Locate each line with the string "fixes" in the listing below and copy it.

Start of PROVIDED DATA

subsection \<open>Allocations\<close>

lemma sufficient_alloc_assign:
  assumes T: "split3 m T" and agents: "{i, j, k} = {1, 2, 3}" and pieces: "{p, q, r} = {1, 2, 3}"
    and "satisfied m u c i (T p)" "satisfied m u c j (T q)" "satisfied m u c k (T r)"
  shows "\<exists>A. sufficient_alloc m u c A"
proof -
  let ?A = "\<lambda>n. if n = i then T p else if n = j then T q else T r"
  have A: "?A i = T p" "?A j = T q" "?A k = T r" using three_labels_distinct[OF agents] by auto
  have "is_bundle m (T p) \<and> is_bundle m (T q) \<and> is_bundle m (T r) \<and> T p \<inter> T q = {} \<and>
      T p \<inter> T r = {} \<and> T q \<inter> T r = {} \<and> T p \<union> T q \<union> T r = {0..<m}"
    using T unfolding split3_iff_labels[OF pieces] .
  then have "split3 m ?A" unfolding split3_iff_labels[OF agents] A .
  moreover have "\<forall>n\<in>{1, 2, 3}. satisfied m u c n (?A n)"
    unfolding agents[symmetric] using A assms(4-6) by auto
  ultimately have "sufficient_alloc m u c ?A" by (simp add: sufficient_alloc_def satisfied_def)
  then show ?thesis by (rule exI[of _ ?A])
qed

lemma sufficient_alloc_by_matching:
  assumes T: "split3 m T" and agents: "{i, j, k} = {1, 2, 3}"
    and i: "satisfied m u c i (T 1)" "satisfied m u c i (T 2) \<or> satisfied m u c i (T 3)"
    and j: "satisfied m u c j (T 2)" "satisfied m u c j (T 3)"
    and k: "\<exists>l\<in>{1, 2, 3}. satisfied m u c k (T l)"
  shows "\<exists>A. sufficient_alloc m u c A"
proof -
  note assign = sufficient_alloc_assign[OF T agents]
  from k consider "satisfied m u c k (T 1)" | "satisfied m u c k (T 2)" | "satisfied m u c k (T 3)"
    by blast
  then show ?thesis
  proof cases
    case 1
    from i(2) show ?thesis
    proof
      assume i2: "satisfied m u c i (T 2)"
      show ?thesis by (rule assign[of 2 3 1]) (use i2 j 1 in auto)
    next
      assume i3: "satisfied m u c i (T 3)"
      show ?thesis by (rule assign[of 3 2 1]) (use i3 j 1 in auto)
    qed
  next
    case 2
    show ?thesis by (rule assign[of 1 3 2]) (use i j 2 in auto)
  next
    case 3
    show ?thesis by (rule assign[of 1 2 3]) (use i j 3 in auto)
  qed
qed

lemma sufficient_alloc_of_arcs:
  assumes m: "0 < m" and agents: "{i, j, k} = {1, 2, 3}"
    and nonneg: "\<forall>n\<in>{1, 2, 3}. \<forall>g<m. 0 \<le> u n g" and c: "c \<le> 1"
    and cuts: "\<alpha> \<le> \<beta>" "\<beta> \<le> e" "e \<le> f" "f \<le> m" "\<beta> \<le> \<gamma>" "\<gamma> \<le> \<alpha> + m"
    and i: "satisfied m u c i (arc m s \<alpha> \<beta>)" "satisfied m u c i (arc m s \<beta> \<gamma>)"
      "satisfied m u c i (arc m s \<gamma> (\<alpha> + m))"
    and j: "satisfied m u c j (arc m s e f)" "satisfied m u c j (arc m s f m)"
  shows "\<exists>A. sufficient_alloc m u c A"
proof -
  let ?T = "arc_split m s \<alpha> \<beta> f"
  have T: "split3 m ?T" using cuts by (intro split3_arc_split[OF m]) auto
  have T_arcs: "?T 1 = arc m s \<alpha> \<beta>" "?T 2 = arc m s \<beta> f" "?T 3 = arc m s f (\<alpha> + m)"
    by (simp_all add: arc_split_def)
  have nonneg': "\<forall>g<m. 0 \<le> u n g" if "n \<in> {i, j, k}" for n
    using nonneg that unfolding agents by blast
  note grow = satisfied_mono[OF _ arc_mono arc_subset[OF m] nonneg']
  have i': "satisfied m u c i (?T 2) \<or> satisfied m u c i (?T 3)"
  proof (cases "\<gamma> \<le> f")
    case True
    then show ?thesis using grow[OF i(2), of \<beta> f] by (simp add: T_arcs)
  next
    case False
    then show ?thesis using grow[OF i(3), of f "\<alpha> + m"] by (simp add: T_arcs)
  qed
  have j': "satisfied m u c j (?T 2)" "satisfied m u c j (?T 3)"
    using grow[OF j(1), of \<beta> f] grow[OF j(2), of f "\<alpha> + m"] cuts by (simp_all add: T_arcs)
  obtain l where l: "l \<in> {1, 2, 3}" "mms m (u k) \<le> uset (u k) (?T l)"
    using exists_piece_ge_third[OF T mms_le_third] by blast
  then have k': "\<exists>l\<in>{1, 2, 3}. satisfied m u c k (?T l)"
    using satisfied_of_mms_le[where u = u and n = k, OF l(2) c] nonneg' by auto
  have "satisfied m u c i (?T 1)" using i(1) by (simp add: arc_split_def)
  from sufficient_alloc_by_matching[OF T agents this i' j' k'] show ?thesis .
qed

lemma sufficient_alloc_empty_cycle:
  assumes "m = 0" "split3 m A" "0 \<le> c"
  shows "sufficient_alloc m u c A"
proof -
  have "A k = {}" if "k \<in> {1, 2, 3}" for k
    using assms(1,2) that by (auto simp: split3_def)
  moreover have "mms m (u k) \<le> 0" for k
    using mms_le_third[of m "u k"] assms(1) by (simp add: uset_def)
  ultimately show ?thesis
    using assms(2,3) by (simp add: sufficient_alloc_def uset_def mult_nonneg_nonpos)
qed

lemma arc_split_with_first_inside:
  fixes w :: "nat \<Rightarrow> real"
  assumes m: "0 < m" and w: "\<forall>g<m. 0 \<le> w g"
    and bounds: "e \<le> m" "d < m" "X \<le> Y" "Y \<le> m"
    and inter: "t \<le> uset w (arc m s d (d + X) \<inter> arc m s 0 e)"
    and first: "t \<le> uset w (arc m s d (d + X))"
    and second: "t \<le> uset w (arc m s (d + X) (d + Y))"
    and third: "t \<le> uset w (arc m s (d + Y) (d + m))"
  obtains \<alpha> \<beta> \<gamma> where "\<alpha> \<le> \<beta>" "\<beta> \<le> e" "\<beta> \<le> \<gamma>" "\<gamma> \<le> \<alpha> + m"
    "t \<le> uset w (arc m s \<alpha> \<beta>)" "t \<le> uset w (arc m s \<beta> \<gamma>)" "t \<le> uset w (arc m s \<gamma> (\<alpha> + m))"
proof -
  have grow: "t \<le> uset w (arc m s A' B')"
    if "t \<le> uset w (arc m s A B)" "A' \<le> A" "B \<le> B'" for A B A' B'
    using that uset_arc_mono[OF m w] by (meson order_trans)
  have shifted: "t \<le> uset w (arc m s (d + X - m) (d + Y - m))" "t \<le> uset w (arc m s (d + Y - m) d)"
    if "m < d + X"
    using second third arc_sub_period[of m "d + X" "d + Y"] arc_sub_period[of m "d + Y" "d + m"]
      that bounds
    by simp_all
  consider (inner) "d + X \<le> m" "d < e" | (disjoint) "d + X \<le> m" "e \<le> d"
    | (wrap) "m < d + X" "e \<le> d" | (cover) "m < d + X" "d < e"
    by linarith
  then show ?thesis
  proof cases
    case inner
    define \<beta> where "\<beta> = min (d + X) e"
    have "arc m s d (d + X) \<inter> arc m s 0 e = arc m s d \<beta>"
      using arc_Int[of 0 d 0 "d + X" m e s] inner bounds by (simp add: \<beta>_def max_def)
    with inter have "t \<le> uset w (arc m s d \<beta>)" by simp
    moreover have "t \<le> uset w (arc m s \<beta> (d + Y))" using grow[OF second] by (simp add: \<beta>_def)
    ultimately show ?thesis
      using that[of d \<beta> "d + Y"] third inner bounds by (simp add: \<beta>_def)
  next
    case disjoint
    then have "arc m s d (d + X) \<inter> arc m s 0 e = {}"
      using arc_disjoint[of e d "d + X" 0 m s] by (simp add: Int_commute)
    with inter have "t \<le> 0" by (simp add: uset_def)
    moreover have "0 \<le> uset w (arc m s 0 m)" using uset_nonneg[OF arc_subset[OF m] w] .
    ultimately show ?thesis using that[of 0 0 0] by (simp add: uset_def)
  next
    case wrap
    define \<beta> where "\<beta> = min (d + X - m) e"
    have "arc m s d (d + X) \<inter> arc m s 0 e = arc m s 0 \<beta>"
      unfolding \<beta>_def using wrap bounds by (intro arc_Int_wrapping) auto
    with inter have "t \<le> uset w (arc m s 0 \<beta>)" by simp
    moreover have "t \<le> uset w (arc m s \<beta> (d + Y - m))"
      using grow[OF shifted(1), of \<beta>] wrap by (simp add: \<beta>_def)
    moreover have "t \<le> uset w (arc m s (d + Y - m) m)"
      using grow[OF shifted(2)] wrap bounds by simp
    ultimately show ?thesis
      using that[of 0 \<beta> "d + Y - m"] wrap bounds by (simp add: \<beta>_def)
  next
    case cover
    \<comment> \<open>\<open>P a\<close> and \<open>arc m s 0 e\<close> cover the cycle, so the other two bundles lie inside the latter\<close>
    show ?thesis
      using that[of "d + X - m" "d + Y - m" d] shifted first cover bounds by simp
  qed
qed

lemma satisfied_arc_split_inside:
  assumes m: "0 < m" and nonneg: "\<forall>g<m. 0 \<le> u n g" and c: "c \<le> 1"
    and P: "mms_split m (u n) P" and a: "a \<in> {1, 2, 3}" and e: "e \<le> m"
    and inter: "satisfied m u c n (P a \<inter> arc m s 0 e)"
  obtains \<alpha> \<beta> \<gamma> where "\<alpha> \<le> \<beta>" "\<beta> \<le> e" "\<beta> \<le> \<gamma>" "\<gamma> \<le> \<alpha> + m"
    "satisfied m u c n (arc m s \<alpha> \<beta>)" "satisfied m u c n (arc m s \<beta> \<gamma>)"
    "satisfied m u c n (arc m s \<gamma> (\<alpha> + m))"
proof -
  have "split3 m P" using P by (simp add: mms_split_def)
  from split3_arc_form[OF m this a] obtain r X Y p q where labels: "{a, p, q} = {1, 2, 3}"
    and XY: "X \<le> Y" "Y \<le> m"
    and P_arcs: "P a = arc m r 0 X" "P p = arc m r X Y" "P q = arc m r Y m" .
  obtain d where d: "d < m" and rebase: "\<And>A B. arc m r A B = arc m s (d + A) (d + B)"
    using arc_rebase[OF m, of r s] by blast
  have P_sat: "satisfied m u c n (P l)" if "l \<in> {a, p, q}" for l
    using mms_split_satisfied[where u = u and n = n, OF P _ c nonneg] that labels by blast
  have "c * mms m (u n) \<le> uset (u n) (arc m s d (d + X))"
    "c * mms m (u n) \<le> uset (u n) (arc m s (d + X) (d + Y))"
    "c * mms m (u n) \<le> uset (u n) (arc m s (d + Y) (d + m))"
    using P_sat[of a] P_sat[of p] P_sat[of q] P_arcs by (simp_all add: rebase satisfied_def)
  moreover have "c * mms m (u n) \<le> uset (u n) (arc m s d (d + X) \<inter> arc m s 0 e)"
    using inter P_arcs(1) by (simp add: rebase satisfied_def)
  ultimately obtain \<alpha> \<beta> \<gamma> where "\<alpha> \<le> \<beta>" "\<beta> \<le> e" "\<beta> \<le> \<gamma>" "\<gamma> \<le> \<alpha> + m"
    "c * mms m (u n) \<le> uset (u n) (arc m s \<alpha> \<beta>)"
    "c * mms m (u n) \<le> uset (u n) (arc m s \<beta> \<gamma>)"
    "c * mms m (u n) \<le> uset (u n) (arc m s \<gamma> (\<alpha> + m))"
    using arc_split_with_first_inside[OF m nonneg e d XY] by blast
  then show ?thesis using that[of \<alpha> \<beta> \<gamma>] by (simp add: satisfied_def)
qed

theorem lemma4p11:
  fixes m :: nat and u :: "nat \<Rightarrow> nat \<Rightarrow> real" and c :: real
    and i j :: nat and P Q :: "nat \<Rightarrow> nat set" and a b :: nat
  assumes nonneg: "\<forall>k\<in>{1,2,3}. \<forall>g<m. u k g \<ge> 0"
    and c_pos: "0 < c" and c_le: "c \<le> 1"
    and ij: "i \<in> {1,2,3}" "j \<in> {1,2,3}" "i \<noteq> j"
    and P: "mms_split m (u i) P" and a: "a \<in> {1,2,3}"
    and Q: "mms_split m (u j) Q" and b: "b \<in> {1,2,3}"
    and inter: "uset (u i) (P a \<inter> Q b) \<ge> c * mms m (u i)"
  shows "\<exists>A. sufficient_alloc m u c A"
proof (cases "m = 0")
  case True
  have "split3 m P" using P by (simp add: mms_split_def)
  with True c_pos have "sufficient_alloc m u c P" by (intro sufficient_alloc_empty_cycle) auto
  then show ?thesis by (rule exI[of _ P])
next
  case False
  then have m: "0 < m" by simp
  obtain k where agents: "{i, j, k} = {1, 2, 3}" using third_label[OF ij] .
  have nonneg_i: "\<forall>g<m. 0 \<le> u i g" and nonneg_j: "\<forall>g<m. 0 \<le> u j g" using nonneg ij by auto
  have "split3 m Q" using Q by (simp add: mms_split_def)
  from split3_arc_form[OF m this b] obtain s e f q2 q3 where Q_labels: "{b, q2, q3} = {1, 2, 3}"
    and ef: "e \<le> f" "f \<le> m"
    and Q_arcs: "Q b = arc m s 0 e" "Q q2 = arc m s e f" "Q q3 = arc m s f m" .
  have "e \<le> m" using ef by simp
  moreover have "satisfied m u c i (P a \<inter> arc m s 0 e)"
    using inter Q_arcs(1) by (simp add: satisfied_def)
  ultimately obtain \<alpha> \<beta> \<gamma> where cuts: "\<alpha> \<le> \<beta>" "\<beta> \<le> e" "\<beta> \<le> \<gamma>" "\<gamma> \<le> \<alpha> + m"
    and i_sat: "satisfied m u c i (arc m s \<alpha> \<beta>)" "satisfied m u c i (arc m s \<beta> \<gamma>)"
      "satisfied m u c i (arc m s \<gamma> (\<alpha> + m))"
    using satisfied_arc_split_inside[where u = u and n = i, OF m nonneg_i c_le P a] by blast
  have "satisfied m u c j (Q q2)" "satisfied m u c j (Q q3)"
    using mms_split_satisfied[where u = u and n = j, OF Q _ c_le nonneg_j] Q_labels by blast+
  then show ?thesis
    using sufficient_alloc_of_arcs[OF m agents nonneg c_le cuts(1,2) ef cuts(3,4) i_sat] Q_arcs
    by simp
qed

End of PROVIDED DATA

◆ YOUR SOLUTION
  fixes w :: "nat \<Rightarrow> real"
  fixes m :: nat and u :: "nat \<Rightarrow> nat \<Rightarrow> real" and c :: real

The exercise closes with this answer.